━━━━━ Records to process

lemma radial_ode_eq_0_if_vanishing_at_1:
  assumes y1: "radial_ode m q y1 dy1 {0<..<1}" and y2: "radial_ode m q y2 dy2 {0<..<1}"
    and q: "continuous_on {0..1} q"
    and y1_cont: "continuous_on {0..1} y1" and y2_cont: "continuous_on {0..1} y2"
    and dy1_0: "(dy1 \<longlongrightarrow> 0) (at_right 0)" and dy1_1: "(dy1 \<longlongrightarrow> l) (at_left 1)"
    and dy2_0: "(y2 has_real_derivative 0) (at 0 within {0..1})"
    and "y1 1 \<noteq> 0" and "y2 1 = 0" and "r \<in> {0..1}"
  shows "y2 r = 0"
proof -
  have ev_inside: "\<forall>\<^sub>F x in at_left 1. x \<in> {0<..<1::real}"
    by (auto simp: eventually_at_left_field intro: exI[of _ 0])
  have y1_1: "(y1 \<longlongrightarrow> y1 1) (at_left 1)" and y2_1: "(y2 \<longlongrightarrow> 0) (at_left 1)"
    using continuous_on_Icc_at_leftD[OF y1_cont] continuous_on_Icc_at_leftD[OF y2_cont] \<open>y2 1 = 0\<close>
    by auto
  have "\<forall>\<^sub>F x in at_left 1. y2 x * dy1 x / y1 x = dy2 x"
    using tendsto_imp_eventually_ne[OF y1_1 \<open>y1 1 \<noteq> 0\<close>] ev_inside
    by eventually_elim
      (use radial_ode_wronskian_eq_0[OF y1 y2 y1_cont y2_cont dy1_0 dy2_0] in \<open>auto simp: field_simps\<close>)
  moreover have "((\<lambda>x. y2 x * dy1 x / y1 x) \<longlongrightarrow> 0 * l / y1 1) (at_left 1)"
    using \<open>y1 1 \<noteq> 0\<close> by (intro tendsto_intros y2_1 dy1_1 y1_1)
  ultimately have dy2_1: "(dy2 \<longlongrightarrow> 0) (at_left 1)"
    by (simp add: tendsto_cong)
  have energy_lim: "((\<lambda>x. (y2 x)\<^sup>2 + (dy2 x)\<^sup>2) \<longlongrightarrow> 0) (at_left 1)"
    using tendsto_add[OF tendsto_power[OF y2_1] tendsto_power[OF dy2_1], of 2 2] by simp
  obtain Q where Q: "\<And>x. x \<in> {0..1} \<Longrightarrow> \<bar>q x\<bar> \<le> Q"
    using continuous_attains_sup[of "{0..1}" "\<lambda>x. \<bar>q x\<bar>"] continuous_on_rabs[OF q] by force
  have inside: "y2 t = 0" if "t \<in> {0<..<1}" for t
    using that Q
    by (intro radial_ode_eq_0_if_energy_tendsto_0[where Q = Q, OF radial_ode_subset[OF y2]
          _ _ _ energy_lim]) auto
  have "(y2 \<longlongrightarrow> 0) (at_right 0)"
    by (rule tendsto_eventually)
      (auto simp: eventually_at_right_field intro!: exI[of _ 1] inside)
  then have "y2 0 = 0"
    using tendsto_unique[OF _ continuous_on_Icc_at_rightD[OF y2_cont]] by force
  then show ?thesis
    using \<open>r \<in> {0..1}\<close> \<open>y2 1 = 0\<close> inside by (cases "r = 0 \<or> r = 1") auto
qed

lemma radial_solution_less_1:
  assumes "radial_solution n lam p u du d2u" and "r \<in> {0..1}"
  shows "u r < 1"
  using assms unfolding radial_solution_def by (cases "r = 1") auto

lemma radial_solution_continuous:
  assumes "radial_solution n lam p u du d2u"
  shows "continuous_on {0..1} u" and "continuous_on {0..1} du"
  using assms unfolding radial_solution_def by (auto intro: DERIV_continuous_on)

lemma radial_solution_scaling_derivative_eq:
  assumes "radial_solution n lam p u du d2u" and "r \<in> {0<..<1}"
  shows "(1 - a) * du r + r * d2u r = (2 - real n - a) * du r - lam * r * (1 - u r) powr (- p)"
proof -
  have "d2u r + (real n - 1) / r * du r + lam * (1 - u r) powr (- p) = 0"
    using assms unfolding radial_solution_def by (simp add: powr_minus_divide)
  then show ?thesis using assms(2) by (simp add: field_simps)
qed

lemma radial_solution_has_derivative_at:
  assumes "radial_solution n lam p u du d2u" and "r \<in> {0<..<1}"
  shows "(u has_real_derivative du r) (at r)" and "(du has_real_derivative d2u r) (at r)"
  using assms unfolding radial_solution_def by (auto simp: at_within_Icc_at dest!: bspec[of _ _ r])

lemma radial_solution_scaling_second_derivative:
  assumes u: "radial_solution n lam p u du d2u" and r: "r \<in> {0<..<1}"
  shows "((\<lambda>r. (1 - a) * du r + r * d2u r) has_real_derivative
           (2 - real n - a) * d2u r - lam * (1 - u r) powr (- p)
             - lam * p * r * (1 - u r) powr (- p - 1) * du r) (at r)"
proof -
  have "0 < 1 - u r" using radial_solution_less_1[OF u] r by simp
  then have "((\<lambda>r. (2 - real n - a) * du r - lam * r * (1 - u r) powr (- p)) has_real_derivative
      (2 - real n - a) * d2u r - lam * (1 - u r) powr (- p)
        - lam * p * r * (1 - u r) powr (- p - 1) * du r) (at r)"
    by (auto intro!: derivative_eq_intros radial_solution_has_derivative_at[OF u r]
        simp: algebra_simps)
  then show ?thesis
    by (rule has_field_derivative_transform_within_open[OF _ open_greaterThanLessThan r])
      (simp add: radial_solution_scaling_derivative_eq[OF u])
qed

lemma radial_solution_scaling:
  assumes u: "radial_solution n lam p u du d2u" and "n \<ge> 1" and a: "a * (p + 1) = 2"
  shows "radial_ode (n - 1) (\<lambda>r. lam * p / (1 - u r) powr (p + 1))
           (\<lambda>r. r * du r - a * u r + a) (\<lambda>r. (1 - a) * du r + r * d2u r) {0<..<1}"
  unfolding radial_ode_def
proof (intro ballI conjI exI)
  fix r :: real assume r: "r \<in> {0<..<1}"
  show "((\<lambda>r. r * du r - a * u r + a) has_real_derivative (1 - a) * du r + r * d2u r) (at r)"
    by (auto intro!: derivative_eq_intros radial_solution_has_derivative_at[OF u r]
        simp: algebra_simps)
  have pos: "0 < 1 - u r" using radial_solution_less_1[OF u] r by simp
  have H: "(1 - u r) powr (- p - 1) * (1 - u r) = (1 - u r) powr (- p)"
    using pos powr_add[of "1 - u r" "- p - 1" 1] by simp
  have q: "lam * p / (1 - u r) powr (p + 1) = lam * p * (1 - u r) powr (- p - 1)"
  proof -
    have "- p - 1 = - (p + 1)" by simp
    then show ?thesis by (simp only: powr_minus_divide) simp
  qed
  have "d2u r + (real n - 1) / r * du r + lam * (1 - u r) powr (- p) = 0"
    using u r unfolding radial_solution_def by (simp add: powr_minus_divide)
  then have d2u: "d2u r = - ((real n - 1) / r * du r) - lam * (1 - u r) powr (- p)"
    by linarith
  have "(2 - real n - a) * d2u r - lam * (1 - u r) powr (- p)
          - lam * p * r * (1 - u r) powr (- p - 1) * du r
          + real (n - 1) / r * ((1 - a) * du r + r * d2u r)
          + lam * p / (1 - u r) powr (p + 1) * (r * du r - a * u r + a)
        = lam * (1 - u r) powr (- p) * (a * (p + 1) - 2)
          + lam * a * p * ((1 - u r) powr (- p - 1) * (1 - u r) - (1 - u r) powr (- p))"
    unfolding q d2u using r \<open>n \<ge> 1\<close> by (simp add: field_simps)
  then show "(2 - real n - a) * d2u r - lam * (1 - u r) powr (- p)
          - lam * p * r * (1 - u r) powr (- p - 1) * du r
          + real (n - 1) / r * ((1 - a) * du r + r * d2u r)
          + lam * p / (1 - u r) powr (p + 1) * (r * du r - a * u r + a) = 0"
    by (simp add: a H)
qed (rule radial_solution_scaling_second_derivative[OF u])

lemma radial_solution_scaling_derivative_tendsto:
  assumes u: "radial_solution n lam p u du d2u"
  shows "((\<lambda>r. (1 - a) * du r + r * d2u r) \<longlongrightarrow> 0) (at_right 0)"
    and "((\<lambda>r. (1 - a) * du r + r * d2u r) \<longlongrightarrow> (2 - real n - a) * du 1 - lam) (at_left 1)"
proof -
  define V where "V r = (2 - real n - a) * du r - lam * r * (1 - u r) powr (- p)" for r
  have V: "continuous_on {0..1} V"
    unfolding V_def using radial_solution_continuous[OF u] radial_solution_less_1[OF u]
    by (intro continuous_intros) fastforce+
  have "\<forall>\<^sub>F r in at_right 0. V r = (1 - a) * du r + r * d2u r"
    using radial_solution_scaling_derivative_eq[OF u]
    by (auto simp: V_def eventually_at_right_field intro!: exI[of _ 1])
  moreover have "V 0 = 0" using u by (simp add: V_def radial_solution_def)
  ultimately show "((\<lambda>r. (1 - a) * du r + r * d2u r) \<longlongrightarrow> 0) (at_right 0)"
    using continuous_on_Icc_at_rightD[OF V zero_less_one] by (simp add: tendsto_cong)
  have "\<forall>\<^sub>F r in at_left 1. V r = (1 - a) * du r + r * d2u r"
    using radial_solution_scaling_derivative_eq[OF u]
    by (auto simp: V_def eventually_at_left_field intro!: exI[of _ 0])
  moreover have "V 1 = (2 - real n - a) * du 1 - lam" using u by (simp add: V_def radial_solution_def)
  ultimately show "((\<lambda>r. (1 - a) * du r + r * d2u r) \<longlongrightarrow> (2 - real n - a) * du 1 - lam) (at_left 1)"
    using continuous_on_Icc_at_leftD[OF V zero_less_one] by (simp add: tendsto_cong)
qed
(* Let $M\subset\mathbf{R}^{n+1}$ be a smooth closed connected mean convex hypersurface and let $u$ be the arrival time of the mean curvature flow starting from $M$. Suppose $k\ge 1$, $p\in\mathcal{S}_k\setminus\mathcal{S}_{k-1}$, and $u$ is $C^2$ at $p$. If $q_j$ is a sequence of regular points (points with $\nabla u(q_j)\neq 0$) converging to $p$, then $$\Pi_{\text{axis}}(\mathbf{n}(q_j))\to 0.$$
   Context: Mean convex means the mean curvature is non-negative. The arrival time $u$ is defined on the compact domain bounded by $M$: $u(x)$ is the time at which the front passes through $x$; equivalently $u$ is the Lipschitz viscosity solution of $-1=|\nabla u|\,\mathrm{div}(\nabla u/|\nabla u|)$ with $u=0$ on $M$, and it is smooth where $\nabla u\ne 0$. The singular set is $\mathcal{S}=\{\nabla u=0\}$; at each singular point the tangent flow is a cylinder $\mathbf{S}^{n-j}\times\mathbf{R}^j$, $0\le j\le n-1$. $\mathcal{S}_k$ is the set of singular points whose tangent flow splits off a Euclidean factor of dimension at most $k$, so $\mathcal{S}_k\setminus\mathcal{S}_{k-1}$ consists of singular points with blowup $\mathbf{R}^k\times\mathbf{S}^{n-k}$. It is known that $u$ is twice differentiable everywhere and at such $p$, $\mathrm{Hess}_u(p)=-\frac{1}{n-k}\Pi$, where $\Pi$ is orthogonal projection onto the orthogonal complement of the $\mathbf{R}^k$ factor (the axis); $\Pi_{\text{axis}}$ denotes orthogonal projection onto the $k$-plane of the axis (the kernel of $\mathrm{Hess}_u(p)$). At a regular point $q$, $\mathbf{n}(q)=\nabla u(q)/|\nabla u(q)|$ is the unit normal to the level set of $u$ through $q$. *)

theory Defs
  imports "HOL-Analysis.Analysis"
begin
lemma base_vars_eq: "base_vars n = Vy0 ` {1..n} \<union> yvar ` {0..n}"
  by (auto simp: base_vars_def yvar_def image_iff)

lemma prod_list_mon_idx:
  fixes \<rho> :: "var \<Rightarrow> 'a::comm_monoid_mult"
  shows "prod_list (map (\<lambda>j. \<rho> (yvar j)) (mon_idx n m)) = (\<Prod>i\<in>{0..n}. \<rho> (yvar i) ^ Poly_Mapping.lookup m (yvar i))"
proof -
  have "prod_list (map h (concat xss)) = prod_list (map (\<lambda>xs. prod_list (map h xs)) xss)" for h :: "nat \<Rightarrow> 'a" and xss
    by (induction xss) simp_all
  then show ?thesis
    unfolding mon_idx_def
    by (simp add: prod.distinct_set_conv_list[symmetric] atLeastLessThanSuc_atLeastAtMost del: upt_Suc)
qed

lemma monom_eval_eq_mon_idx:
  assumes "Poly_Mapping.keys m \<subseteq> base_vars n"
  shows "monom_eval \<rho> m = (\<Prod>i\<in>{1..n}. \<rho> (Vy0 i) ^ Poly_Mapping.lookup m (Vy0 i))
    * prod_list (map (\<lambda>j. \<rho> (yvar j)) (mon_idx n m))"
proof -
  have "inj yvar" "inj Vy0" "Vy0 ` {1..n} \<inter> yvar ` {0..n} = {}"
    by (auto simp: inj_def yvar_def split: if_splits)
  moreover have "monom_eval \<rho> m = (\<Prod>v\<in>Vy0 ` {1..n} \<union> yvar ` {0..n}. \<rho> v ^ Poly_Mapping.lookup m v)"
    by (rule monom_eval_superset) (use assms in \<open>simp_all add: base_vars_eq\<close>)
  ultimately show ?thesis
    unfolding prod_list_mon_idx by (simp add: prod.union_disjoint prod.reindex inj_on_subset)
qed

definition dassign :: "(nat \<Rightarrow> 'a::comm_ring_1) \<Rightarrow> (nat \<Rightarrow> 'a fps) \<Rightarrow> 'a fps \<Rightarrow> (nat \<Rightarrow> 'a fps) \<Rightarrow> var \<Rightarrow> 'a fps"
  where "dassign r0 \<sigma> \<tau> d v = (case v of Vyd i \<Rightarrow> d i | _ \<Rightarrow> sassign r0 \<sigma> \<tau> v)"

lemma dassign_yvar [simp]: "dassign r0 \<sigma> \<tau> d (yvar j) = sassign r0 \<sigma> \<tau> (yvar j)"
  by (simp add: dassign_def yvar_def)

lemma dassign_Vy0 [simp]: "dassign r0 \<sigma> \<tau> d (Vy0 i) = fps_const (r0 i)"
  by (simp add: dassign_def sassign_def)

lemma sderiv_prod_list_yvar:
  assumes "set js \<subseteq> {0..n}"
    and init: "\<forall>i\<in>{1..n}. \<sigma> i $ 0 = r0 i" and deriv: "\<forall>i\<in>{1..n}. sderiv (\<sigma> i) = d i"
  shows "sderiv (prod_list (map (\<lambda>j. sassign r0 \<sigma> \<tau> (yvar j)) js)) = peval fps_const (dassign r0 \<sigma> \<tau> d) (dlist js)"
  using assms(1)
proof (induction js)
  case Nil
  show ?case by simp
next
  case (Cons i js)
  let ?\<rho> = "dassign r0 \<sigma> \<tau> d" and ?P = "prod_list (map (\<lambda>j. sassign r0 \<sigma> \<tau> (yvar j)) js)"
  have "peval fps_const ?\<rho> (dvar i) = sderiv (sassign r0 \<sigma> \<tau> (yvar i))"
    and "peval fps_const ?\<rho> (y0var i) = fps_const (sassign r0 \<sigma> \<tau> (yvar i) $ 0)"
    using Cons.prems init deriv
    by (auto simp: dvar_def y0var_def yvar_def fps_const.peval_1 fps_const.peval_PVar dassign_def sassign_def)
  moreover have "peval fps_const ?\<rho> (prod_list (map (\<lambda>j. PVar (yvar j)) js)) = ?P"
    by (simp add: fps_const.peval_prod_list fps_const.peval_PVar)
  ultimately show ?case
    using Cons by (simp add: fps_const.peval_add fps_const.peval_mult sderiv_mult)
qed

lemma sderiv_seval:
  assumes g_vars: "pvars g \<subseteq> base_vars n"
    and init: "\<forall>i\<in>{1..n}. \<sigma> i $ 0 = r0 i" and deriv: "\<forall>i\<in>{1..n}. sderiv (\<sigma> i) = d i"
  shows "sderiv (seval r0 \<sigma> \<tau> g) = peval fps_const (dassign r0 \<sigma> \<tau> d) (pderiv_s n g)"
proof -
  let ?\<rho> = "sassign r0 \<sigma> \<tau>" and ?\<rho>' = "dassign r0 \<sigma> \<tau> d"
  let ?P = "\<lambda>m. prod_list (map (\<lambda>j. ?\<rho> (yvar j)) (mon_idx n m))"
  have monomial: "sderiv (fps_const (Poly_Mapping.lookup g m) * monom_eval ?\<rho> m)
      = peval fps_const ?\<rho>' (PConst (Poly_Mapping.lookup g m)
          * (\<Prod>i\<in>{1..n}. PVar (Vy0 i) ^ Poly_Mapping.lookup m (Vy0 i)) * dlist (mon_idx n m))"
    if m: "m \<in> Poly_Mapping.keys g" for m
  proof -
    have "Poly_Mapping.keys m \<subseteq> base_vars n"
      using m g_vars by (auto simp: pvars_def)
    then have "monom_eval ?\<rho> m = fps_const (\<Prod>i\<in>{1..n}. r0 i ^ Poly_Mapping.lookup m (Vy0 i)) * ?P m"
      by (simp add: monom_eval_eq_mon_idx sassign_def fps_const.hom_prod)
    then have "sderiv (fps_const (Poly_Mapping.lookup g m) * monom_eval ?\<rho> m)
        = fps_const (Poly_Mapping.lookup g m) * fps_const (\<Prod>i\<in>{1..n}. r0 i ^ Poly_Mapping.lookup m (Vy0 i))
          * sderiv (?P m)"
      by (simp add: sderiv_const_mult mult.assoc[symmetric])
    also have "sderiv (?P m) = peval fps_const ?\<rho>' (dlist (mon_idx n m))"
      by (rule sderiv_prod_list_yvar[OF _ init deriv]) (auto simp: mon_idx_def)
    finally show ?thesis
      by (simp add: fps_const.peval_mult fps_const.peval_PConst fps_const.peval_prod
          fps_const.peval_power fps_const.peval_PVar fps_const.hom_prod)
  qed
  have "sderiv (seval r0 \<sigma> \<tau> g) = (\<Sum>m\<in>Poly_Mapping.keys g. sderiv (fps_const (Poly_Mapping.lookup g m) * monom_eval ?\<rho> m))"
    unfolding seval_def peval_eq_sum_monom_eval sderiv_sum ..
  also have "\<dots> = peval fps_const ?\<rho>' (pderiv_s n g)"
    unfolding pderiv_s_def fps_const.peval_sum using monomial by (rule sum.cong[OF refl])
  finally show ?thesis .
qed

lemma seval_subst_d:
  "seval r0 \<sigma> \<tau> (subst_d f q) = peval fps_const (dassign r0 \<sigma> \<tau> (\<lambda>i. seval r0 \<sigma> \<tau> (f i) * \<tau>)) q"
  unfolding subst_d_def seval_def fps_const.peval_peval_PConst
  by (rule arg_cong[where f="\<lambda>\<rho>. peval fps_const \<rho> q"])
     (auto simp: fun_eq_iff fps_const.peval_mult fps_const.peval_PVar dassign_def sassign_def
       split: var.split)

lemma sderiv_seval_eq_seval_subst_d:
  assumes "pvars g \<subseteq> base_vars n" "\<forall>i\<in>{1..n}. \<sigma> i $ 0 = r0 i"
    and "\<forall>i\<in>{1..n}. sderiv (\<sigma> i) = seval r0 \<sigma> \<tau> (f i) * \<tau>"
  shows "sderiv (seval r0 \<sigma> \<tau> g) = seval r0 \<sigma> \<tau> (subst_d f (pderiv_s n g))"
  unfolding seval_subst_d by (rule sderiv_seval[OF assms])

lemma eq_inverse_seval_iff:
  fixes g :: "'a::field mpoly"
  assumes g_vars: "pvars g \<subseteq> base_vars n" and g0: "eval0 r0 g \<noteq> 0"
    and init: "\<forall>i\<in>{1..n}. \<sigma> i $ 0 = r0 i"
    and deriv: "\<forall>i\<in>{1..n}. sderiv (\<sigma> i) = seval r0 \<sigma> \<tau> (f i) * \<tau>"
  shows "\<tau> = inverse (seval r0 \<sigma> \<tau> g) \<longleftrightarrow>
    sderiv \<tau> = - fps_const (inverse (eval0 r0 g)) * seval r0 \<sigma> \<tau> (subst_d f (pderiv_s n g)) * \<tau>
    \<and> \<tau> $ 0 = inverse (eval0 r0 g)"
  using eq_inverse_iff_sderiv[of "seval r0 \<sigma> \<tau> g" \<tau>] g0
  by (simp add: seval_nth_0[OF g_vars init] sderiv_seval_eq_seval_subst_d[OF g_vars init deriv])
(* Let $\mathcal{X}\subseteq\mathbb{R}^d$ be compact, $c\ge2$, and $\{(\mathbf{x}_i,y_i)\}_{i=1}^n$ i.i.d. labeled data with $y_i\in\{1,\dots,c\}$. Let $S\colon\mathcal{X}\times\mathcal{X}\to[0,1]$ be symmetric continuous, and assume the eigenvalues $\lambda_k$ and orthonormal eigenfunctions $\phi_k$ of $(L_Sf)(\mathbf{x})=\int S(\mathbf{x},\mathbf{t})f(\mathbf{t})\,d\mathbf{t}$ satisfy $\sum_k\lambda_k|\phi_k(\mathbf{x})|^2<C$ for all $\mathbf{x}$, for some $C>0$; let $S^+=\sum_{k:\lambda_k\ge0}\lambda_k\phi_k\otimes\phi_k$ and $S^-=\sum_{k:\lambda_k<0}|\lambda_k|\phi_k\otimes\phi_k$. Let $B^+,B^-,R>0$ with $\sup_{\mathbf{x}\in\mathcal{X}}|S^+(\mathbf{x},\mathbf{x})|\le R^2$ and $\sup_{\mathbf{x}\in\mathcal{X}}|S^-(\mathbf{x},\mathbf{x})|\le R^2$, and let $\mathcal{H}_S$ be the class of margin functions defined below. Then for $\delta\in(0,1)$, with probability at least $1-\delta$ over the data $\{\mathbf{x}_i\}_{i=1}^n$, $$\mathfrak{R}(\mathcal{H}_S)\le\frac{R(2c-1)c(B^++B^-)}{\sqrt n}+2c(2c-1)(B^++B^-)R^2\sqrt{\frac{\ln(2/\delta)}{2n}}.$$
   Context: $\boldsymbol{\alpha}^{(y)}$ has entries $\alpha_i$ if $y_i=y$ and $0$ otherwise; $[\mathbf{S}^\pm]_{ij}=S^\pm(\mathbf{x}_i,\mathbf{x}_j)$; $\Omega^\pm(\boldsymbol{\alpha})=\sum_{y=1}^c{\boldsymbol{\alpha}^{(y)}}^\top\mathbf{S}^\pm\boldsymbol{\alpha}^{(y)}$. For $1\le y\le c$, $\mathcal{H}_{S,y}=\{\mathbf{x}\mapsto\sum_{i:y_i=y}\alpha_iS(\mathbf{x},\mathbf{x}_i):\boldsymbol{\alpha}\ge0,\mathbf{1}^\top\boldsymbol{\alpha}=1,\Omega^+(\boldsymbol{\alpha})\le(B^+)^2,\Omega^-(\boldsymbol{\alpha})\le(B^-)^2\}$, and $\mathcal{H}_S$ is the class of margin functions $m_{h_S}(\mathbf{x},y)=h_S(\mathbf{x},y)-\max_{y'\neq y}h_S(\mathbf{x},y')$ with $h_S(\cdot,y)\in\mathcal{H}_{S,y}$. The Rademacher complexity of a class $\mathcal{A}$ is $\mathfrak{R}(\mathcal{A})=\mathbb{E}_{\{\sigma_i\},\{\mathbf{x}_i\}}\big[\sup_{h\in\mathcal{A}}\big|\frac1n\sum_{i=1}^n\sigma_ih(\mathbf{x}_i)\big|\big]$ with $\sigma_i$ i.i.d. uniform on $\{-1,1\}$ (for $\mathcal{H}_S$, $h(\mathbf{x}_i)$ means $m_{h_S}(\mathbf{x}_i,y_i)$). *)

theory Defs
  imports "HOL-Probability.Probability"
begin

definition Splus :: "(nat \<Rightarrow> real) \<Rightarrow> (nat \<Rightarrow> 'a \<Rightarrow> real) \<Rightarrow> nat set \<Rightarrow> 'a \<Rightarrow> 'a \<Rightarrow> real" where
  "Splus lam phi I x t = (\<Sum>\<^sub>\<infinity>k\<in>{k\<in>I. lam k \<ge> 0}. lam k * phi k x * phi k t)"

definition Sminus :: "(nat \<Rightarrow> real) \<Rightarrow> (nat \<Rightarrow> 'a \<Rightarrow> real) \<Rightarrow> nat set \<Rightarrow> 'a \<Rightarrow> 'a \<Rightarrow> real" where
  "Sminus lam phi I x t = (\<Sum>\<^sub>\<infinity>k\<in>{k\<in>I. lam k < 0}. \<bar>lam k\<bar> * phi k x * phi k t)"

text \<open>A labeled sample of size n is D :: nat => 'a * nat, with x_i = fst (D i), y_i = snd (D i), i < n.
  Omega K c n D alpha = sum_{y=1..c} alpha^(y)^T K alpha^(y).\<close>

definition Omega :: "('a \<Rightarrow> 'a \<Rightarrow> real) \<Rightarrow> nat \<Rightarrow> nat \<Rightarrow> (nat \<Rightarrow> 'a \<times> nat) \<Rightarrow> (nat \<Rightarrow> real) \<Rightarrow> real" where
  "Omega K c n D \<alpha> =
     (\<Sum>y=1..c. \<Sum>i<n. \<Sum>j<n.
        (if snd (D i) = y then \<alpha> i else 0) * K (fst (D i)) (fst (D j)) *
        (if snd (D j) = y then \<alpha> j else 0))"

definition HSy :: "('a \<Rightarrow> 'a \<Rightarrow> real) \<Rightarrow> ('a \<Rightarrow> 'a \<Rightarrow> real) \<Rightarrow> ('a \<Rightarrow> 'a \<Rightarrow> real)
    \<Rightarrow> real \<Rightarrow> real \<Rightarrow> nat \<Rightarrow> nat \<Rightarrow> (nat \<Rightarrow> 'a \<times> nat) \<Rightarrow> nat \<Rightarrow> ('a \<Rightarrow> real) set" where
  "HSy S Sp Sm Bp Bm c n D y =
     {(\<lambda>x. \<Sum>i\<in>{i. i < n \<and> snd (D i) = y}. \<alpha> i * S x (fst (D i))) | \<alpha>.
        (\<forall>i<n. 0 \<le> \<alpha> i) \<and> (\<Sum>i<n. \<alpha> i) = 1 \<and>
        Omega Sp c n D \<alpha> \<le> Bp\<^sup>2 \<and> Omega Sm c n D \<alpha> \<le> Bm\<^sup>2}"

━━━━━━━━━━

About this exercise: If a line in the listing contains "keys", it counts. Say how many lines count, with no other words.

Output below: 4